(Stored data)
━━━━━━━━━━━━━━━━

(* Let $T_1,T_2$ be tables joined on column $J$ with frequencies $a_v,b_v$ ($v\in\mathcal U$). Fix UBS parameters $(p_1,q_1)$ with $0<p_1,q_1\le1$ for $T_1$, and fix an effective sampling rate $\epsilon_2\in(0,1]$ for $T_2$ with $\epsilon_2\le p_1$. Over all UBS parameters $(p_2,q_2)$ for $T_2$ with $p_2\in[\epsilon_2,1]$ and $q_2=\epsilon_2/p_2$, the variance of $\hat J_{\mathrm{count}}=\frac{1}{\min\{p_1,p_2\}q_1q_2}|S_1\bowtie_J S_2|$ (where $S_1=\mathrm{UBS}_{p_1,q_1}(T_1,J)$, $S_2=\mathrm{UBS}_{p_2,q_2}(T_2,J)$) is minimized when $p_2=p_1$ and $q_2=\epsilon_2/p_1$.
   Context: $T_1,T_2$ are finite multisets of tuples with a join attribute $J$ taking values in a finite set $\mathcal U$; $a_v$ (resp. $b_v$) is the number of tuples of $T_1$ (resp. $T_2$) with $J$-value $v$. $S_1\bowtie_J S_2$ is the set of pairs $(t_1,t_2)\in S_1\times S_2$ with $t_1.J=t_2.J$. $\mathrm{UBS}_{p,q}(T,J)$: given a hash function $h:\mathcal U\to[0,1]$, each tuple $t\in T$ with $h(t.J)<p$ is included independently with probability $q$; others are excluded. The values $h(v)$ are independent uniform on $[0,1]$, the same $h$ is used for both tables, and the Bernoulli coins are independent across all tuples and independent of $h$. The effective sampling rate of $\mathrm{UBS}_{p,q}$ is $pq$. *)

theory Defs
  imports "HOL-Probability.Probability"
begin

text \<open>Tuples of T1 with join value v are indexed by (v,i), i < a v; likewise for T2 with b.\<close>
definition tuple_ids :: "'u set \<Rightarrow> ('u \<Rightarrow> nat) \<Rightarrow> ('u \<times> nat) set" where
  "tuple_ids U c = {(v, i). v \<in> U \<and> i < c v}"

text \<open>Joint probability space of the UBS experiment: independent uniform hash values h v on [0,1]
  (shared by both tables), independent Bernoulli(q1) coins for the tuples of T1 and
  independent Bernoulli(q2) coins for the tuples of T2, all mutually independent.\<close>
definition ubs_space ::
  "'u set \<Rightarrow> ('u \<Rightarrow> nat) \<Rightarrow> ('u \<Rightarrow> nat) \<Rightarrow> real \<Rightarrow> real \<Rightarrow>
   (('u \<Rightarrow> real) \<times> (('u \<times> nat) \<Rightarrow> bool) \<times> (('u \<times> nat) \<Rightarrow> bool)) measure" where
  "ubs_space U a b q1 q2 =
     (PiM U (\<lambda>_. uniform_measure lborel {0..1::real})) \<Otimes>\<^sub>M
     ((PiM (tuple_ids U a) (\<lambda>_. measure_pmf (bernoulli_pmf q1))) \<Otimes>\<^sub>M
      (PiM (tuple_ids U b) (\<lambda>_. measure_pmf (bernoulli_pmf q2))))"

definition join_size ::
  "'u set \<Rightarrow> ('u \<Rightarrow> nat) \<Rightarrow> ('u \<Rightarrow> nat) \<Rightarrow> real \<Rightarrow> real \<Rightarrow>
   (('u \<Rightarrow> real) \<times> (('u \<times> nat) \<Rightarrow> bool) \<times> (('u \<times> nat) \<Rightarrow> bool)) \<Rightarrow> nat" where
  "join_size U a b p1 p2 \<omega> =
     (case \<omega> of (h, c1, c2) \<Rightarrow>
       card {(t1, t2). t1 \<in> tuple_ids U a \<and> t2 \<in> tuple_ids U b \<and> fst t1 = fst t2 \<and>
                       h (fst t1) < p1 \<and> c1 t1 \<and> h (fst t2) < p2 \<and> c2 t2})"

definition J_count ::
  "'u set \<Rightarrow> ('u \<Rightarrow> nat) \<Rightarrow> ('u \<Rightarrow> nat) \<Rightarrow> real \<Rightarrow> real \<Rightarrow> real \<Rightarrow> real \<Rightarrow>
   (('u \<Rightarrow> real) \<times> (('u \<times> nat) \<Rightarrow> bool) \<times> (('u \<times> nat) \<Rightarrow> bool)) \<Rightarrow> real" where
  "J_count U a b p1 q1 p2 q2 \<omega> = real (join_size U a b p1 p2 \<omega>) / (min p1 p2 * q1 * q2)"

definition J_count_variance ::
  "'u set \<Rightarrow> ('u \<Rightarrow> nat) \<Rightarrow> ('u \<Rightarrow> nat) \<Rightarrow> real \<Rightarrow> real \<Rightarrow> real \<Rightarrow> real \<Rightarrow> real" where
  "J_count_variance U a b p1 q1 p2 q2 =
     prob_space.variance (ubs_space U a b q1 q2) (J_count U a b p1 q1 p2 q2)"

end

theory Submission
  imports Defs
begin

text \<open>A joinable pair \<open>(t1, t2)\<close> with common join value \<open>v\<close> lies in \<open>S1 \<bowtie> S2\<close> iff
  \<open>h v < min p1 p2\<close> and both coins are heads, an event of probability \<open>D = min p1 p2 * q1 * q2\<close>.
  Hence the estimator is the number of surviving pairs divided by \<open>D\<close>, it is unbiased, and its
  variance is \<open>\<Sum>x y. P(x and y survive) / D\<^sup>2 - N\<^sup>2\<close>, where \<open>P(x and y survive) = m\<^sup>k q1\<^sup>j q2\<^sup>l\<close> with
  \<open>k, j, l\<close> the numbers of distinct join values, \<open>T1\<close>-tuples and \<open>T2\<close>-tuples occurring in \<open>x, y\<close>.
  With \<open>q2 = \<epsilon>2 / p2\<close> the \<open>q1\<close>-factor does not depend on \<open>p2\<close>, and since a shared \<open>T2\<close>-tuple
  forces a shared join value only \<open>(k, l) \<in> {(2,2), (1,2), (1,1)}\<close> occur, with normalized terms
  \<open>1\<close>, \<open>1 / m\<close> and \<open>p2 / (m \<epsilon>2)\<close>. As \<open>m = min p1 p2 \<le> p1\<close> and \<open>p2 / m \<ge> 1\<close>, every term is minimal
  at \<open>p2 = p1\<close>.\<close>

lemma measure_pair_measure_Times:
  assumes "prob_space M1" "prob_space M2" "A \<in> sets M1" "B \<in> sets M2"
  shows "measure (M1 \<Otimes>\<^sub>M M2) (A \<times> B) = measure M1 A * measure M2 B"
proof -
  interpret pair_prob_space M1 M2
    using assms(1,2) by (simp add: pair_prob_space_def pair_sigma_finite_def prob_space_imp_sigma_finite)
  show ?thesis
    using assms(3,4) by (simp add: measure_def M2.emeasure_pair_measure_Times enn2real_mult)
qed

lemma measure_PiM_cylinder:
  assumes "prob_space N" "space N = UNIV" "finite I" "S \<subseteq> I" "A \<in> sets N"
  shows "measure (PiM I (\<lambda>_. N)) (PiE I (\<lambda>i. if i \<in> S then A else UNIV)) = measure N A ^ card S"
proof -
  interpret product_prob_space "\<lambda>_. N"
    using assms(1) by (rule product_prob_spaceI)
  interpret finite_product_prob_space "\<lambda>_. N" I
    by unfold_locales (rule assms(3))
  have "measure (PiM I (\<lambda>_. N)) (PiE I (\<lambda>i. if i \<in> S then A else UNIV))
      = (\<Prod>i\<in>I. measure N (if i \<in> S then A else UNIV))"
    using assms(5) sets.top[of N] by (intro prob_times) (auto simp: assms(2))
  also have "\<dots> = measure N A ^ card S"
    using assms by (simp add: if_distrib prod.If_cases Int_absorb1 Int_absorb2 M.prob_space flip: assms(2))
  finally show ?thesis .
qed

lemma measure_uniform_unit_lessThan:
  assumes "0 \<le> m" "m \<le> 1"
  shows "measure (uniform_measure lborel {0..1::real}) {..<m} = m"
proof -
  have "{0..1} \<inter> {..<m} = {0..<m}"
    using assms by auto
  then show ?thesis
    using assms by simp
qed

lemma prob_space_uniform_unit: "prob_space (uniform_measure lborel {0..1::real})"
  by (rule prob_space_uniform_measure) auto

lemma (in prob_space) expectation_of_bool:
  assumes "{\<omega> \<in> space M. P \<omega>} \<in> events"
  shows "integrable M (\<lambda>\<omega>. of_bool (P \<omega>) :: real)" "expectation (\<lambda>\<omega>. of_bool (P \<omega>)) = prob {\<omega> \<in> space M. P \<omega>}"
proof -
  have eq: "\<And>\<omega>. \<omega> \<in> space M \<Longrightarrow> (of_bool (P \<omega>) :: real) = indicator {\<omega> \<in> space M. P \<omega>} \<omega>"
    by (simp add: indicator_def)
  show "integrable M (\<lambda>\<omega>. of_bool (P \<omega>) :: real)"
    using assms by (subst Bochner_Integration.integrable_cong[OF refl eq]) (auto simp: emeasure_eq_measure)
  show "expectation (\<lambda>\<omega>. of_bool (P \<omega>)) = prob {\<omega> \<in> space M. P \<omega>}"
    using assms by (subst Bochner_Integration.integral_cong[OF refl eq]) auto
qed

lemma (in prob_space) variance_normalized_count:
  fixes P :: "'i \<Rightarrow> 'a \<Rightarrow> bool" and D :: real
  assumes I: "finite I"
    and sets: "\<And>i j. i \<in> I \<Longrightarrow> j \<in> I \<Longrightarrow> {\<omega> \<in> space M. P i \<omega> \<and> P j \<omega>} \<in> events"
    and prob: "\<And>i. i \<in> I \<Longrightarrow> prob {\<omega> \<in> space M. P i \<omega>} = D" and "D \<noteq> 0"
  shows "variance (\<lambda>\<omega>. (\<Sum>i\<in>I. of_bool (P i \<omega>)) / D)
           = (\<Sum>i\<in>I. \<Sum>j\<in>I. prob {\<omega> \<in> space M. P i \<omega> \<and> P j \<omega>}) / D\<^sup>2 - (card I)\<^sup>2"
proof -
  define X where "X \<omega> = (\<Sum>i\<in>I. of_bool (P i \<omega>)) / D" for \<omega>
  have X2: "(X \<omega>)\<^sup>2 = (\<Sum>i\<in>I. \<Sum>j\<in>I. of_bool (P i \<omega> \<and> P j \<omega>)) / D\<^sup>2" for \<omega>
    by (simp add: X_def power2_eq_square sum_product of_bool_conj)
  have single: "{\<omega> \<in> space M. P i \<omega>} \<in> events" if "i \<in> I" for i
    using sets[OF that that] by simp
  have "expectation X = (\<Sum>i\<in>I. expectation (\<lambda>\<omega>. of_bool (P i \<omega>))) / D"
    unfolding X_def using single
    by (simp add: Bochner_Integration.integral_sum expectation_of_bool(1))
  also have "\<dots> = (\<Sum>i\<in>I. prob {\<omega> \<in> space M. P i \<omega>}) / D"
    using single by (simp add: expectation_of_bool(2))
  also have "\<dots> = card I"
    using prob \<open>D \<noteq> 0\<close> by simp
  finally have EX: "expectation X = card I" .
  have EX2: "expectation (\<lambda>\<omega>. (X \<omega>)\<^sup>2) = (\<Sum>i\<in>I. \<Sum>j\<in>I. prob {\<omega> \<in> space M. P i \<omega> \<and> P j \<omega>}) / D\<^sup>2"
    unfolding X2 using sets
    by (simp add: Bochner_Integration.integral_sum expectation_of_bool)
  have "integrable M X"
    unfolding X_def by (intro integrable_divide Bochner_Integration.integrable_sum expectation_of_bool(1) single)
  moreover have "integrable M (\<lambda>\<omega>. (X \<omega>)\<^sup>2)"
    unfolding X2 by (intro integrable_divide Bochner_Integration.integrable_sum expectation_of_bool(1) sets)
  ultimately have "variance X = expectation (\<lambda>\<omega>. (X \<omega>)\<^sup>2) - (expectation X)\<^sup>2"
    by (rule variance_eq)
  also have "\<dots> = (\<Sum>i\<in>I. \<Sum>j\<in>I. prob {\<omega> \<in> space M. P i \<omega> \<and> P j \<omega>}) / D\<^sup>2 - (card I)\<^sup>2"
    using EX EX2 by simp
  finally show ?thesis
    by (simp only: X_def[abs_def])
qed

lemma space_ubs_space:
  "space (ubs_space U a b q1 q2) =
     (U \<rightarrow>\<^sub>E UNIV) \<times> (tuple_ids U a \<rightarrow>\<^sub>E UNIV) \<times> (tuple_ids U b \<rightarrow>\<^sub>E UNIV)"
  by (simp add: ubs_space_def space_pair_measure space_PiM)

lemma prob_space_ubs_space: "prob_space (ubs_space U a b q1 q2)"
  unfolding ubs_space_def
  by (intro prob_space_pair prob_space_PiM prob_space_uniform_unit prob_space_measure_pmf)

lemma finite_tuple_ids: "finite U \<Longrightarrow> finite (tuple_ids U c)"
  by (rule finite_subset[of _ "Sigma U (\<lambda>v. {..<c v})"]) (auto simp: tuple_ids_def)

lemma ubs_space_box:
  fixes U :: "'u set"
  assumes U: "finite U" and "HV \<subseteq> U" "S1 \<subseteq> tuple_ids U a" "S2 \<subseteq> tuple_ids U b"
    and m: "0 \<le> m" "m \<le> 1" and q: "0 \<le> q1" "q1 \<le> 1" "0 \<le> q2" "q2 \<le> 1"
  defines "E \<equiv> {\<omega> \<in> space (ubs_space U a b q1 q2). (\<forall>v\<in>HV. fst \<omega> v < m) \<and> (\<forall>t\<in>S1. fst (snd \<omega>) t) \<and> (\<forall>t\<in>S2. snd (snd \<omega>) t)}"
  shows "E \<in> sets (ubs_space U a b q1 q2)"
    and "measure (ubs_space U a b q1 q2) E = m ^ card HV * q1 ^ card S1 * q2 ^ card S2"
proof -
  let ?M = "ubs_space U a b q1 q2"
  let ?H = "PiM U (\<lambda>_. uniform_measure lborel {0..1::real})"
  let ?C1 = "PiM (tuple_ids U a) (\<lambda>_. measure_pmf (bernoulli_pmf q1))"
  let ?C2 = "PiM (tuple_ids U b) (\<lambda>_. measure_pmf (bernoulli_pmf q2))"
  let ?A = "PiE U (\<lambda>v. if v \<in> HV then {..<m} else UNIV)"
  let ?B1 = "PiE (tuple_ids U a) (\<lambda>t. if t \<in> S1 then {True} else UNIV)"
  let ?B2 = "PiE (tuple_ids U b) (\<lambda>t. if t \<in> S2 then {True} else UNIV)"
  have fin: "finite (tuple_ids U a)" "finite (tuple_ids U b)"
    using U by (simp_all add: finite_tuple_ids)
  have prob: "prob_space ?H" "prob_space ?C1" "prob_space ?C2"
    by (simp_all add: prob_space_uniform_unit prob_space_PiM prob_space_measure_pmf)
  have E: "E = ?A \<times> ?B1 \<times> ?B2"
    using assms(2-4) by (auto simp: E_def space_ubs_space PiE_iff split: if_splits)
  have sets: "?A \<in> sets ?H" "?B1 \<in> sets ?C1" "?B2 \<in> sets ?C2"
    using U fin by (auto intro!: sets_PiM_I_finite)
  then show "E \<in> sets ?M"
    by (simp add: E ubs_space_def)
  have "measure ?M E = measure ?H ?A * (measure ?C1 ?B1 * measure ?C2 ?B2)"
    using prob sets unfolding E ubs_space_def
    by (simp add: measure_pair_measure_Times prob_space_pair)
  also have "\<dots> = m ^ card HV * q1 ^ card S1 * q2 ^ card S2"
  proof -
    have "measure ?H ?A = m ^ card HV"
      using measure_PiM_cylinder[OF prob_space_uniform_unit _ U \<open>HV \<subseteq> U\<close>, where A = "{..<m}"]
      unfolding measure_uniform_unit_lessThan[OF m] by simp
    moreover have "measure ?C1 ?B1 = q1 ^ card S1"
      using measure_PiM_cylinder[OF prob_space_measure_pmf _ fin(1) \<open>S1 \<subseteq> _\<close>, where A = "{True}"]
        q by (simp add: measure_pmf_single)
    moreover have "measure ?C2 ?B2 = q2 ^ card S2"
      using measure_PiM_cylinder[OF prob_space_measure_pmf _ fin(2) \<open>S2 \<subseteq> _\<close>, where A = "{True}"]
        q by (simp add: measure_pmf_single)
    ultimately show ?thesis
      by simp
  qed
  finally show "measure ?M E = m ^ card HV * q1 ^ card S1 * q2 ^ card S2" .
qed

━━━━━━━━━━━━━━━━

** Task item **
Wherever a line in the entries above holds "Otimes", copy that line.

** Written reply **
     (PiM U (\<lambda>_. uniform_measure lborel {0..1::real})) \<Otimes>\<^sub>M
     ((PiM (tuple_ids U a) (\<lambda>_. measure_pmf (bernoulli_pmf q1))) \<Otimes>\<^sub>M
  shows "measure (M1 \<Otimes>\<^sub>M M2) (A \<times> B) = measure M1 A * measure M2 B"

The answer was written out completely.